While I thought about her comment, Violet continued. "Whin we were kids, my little sister, Alice, and I used to spend a lot of time in the barn. The summer after I turned nine and Alice turned six, we were playing with our dolls up in the hayloft. We were sitting across from each other making our dolls talk when suddenly Alice got this strange look on her face and pointed at the little window. 'Look Violet,' she said, 'there's an angel.' I didn't see anything except the little square of sunshine, but I was spooked, and then for a second I thought that there might be a figure there—a pale, weightless thing. Alice fell over and started kicking and choking. I grabbed her and tried to shake her. At first, I thought she was fooling, and then I saw her eyes roll up into her head and I knew she wasn't. I started screaming for my mother, and then I was gagging on my own spit. I was kicking and rolling around in the hay. My mother came running out of the house and climbed up the ladder to us. I was all crazy, Leo. I was yelling so loud I got hoarse. It took my mother a couple of minutes to figure out which one of us was in trouble. When she did, she had to push me out of the way, really hard, because I was holding on to Alice's knees and I wouldn't let go. My mother carried Alice out of there and down the ladder and drove her to the hospital." Violet took a big, shuddering breath and continued. "I stayed home with my father. I was sick with shame. I had panicked. I did everything wrong.
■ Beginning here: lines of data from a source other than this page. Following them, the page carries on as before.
lemma Pbar_decomp:
  assumes "\<mu> \<in> Pbar t"
  obtains \<nu> where "\<mu> = replicate (mult_t t \<mu>) (t, False) @ \<nu>" "is_overpartition \<nu>" "\<forall>q\<in>set \<nu>. fst q < t"
proof -
  define T where "T = takeWhile (\<lambda>q. fst q = t) \<mu>"
  define \<nu> where "\<nu> = dropWhile (\<lambda>q. fst q = t) \<mu>"
  have \<mu>: "\<mu> = T @ \<nu>" unfolding T_def \<nu>_def by simp
  have P: "is_overpartition \<mu>" "\<forall>q\<in>set \<mu>. fst q \<le> t \<and> (fst q = t \<longrightarrow> \<not> snd q)"
    using assms unfolding Pbar_def by auto
  have T_t: "\<forall>q\<in>set T. q = (t, False)"
  proof
    fix q assume "q \<in> set T"
    then have "fst q = t" "q \<in> set \<mu>" unfolding T_def by (auto dest: set_takeWhileD)
    then show "q = (t, False)" using P(2) by (cases q) auto
  qed
  have \<nu>_ovp: "is_overpartition \<nu>"
    using P(1) unfolding \<mu> is_overpartition_iff by (simp add: sorted_wrt_append ovl_first_occ_append)
  have \<nu>_lt: "\<forall>q\<in>set \<nu>. fst q < t"
  proof
    fix q assume q: "q \<in> set \<nu>"
    then have "\<nu> \<noteq> []" by auto
    then have "fst (hd \<nu>) \<noteq> t" using hd_dropWhile[of "\<lambda>q. fst q = t" \<mu>] unfolding \<nu>_def by auto
    moreover have "hd \<nu> \<in> set \<mu>" using \<open>\<nu> \<noteq> []\<close> \<mu> by (metis Un_iff hd_in_set set_append)
    ultimately have "fst (hd \<nu>) < t" using P(2) by (meson le_neq_implies_less)
    moreover have "sorted_wrt size_ge \<nu>" using \<nu>_ovp unfolding is_overpartition_iff by blast
    ultimately show "fst q < t" using sorted_size_bounds[of \<nu> q] q by simp
  qed
  have "filter (\<lambda>q. fst q = t) T = T" using T_t by (auto simp: filter_id_conv)
  moreover have "filter (\<lambda>q. fst q = t) \<nu> = []" using \<nu>_lt by (auto simp: filter_empty_conv)
  ultimately have "mult_t t \<mu> = length T" unfolding mult_t_def \<mu> by simp
  then have "\<mu> = replicate (mult_t t \<mu>) (t, False) @ \<nu>"
    using T_t \<mu> by (simp add: replicate_length_same)
  then show ?thesis using that \<nu>_ovp \<nu>_lt by blast
qed
(* Assume the hypotheses of Corollary 6.10 as recalled in the context (in particular $L_\lambda$ self-adjoint), take $\sigma=0$, and assume $\beta_1(\lambda)=\dots=\beta_m(\lambda)=:\beta_*(\lambda)$ for all $\lambda\in\Lambda_{2k}$. Then for $\lambda$ sufficiently close to $\lambda_c$, $$\widehat h^{\rm app}_\lambda(\xi):=\int_{-\infty}^0 e^{-sL^{\mathfrak s}_\lambda}P_{\mathfrak s}F_k(e^{sL^{\mathfrak c}_\lambda}\xi)\,ds=(-L^{\mathfrak s}_\lambda)^{-1}P_{\mathfrak s}F_k(\xi)+O\big(|\beta_*(\lambda)|\,\|\xi\|_\alpha^k\big),\qquad\xi\in\mathcal H^{\mathfrak c}.$$
   Context: $\mathcal H$ infinite-dimensional separable real Hilbert space with inner product $\langle\cdot,\cdot\rangle$; $A$ sectorial with compact resolvent, $\mathrm{Re}\,\sigma(-A)<0$; $\mathcal H_\gamma=D(A^\gamma)$, $\|u\|_\gamma=\|A^\gamma u\|$; $L_\lambda=-A+B_\lambda$ ($B_\lambda:\mathcal H_{\gamma_0}\to\mathcal H$ bounded, continuous in $\lambda$), here self-adjoint, with real eigenvalues $\beta_1(\lambda)\ge\beta_2(\lambda)\ge\dots$ (with multiplicity) and normalized eigenvectors forming a Hilbert basis; $\alpha\in[0,1)$; $F$ is $C^p$ with $F(u)=F_k(u,\dots,u)+O(\|u\|_\alpha^{k+1})$, $p>k\ge2$, $F_k$ continuous $k$-linear, $F_k(u)=F_k(u,\dots,u)$. Principle of exchange of stabilities at $\lambda_c$ with $m$ critical eigenvalues ($\beta_j(\lambda)<0,=0,>0$ for $\lambda<,=,>\lambda_c$, $j\le m$; $\beta_j(\lambda_c)<0$ for $j>m$); $\Lambda_{2k}\ni\lambda_c$ open with $0>2k\inf_{\Lambda_{2k}}\inf_{j\le m}\beta_j>\sup_{\Lambda_{2k}}\sup_{j>m}\beta_j$. $\mathcal H^{\mathfrak c}=\mathrm{span}\{e_1,\dots,e_m\}$, $P_{\mathfrak c},P_{\mathfrak s}$ the orthogonal spectral projectors, $L^{\mathfrak c}_\lambda=L_\lambda P_{\mathfrak c}$, $L^{\mathfrak s}_\lambda=L_\lambda P_{\mathfrak s}$. The $O(\cdot)$ is the usual Landau notation (a bound by a constant times $|\beta_*(\lambda)|\|\xi\|_\alpha^k$). *)

theory Defs
  imports "HOL-Analysis.Analysis"
begin

text \<open>Spectral setting: for each parameter value lam, the self-adjoint operator L_lam has
  the Hilbert basis of eigenvectors e lam 0, e lam 1, ... (0-indexed) with eigenvalues
  beta lam 0 \<ge> beta lam 1 \<ge> ...  The first m modes (indices j < m) are critical.\<close>

definition hilbert_basis :: "(nat \<Rightarrow> 'a::{real_inner,complete_space}) \<Rightarrow> bool" where
  "hilbert_basis b \<longleftrightarrow> (\<forall>i j. inner (b i) (b j) = (if i = j then 1 else 0)) \<and>
     (\<forall>u. (\<lambda>n. \<Sum>j<n. inner u (b j) *\<^sub>R b j) \<longlonglongrightarrow> u)"

definition dom_L :: "(nat \<Rightarrow> 'a::{real_inner,complete_space}) \<Rightarrow> (nat \<Rightarrow> real) \<Rightarrow> 'a set" where
  "dom_L b \<beta> = {u. summable (\<lambda>j. (\<beta> j * inner u (b j))\<^sup>2)}"

definition op_L :: "(nat \<Rightarrow> 'a::{real_inner,complete_space}) \<Rightarrow> (nat \<Rightarrow> real) \<Rightarrow> 'a \<Rightarrow> 'a" where
  "op_L b \<beta> u = (\<Sum>j. (\<beta> j * inner u (b j)) *\<^sub>R b j)"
I wasn't brave at all, but worse than that, a part of me knew that I had been acting flipped out, and that it was only partly real." Violet's eyes filled with tears. "I went into my room and started counting. I counted way up to four thousand and something, and then my father came into my room and told me Alice was going to be all right. He had talked to my mother at the hospital, and I cried all over him for a long time." Violet turned her head away from me. "Alice had had a grand mal seizure. She's an epileptic."